Inter-generational disadvantage – Britain compared

Social policy in Britain and the USA is less effective than in Germany at alleviating the inter-generational transmission of social and economic disadvantages, according to a new paper from the German Institute for Economic Research.

The paper tests the hypothesis that the extent of inter-generational income mobility, and the relative risk of poverty, differ according to factors in the three countries such as welfare state regime, family role patterns and social policy design.

Key findings

  • Though similar in terms of their welfare state regime, Britain and the USA differ concerning the average inter-generational income elasticity and the relative risk of poverty.
  • In the USA the inter-generational correlation of social and economic status is higher than in Germany and Britain, which contradicts the hypothesis of a mobile society, and a high 'permeability' of the social system.
  • In all the countries, the highest inter-generational income persistence is evident in the 'tails' of the income distribution.
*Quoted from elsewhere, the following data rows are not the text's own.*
(* Let $r,d,\mu_C:[0,\infty)\to\mathbb{R}$ be Lipschitz continuous with $r(0)>d(0)>0$, $r'<0$, $r(+\infty)=0$, $d'>0$, and $\mu_C>0$, $\mu_C'<0$, $\mu_C(\infty)=0$. Take the constant dose $c\equiv 1$ and assume there is $x_c>0$ such that $$r(x)-d(x)-c\mu_C(x)<\overline{R_c}:=r(x_c)-d(x_c)-c\mu_C(x_c)\quad\text{for all } x\neq x_c,\qquad \overline{R_c}>0.$$ Let $n_C^0>0$ be an integrable initial datum on $[0,\infty)$ and $n_C$ the solution of $$\frac{\partial}{\partial t}n_C(x,t)=\big[r(x)-d(x)-c\,\mu_C(x)\big]n_C(x,t),\qquad n_C(x,0)=n_C^0(x)$$ (the cancer-cell model with no mutations, $\theta_C=0$). Set $\rho_C(t)=\int_0^\infty n_C(x,t)\,dx$. Then $\rho_C(t)\to\infty$ as $t\to\infty$ with an exponential rate, and $\dfrac{n_C(\cdot,t)}{\rho_C(t)}\to\delta(x-x_c)$ as $t\to\infty$, weakly in the sense of measures.
   Context: $n_C(x,t)$ is the density of cancer cells with resistance-gene expression level $x\ge0$; $r$, $d$ are birth and death rates, $c$ the (constant) drug dose and $\mu_C(x)$ the drug-induced death rate of cancer cells with level $x$. $\delta(x-x_c)$ is the Dirac mass at $x_c$. *)

theory Defs
  imports "HOL-Analysis.Analysis"
begin

end

theory Submission
  imports Defs "HOL-Real_Asymp.Real_Asymp"
begin

text \<open>
  Without mutations every trait evolves independently, so
  \<open>n(x,t) = exp (R x * t) * n\<^sub>0 x\<close> with the net growth rate \<open>R = r - d - c \<mu>\<close>.
  The rate \<open>R\<close> is continuous, has its strict maximum \<open>R x\<^sub>c > 0\<close> at \<open>x\<^sub>c\<close> and is negative
  for large \<open>x\<close>, so away from \<open>x\<^sub>c\<close> it stays below some \<open>m < R x\<^sub>c\<close>. Laplace's method
  then applies: the mass near \<open>x\<^sub>c\<close> grows at least like \<open>exp (\<beta> t)\<close> for every
  \<open>\<beta> < R x\<^sub>c\<close>, while the mass away from \<open>x\<^sub>c\<close> is \<open>O(exp (m t))\<close>, so the normalized
  density concentrates at \<open>x\<^sub>c\<close>.
\<close>

lemma set_integrable_bounded_continuous_mult:
  fixes f g :: "real \<Rightarrow> real"
  assumes f: "set_integrable lborel A f" and A: "A \<in> sets borel"
    and g: "continuous_on A g" and bound: "\<forall>x\<in>A. \<bar>g x\<bar> \<le> B"
  shows "set_integrable lborel A (\<lambda>x. g x * f x)"
proof -
  have fi: "integrable lborel (\<lambda>x. indicator A x *\<^sub>R f x)"
    using f unfolding set_integrable_def .
  have "(\<lambda>x. indicator A x *\<^sub>R g x) \<in> borel_measurable borel"
    by (rule borel_measurable_continuous_on_indicator[OF A g])
  moreover have "(\<lambda>x. indicator A x *\<^sub>R f x) \<in> borel_measurable borel"
    using fi by (simp add: borel_measurable_integrable)
  moreover have "(\<lambda>x. indicator A x *\<^sub>R (g x * f x))
      = (\<lambda>x. (indicator A x *\<^sub>R g x) * (indicator A x *\<^sub>R f x))"
    by (auto simp: indicator_def fun_eq_iff)
  ultimately have meas: "(\<lambda>x. indicator A x *\<^sub>R (g x * f x)) \<in> borel_measurable lborel"
    by simp
  show ?thesis unfolding set_integrable_def
  proof (rule Bochner_Integration.integrable_bound[OF integrable_scaleR_right[OF fi, of B] meas])
    show "AE x in lborel. norm (indicator A x *\<^sub>R (g x * f x)) \<le> norm (B *\<^sub>R (indicator A x *\<^sub>R f x))"
      using bound by (intro AE_I2)
        (auto simp: indicator_def abs_mult intro!: mult_right_mono order.trans[OF _ abs_ge_self[of B]])
  qed
qed

lemma set_integral_pos_if_pos_on_interval:
  fixes f :: "real \<Rightarrow> real"
  assumes f: "set_integrable lborel A f" and nonneg: "\<forall>x\<in>A. 0 \<le> f x"
    and sub: "{a<..<b} \<subseteq> A" and pos: "\<forall>x\<in>{a<..<b}. 0 < f x" and "a < b"
  shows "0 < (LINT x:A|lborel. f x)"
proof -
  have fi: "integrable lborel (\<lambda>x. indicator A x *\<^sub>R f x)"
    using f unfolding set_integrable_def .
  have nonneg_AE: "AE x in lborel. 0 \<le> indicator A x *\<^sub>R f x"
    using nonneg by (auto simp: indicator_def)
  have "0 \<le> (LINT x:A|lborel. f x)"
    unfolding set_lebesgue_integral_def using nonneg_AE by (simp add: integral_nonneg_AE)
  moreover have "(LINT x:A|lborel. f x) \<noteq> 0"
  proof
    assume "(LINT x:A|lborel. f x) = 0"
    then have "AE x in lborel. indicator A x *\<^sub>R f x = 0"
      using integral_nonneg_eq_0_iff_AE[OF fi nonneg_AE] unfolding set_lebesgue_integral_def by simp
    then have "AE x in lborel. x \<notin> {a<..<b}"
      by eventually_elim (use sub pos in \<open>force simp: indicator_def split: if_splits\<close>)
    then have "emeasure lborel {a<..<b} = 0"
      by (subst (asm) AE_iff_measurable[of "{a<..<b}"]) auto
    with \<open>a < b\<close> show False by simp
  qed
  ultimately show ?thesis by simp
qed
In Germany, the results reveal the highest inter-generational income mobility in the lower tail of the income distribution, indicating that social policy more effectively alleviates the inter-generational transmission of social and economic disadvantages than in Britain and the USA.
  • In the USA, the highest income persistence occurs at the upper tail of the income distribution, consistent with the idea that low-income parents cannot sufficiently contribute to the well-being of their children. This results in an increasing inter-generational transmission of poverty and social exclusion, a deepening of economic and social inequality across generations, and economic inefficiencies that impose economic and social costs.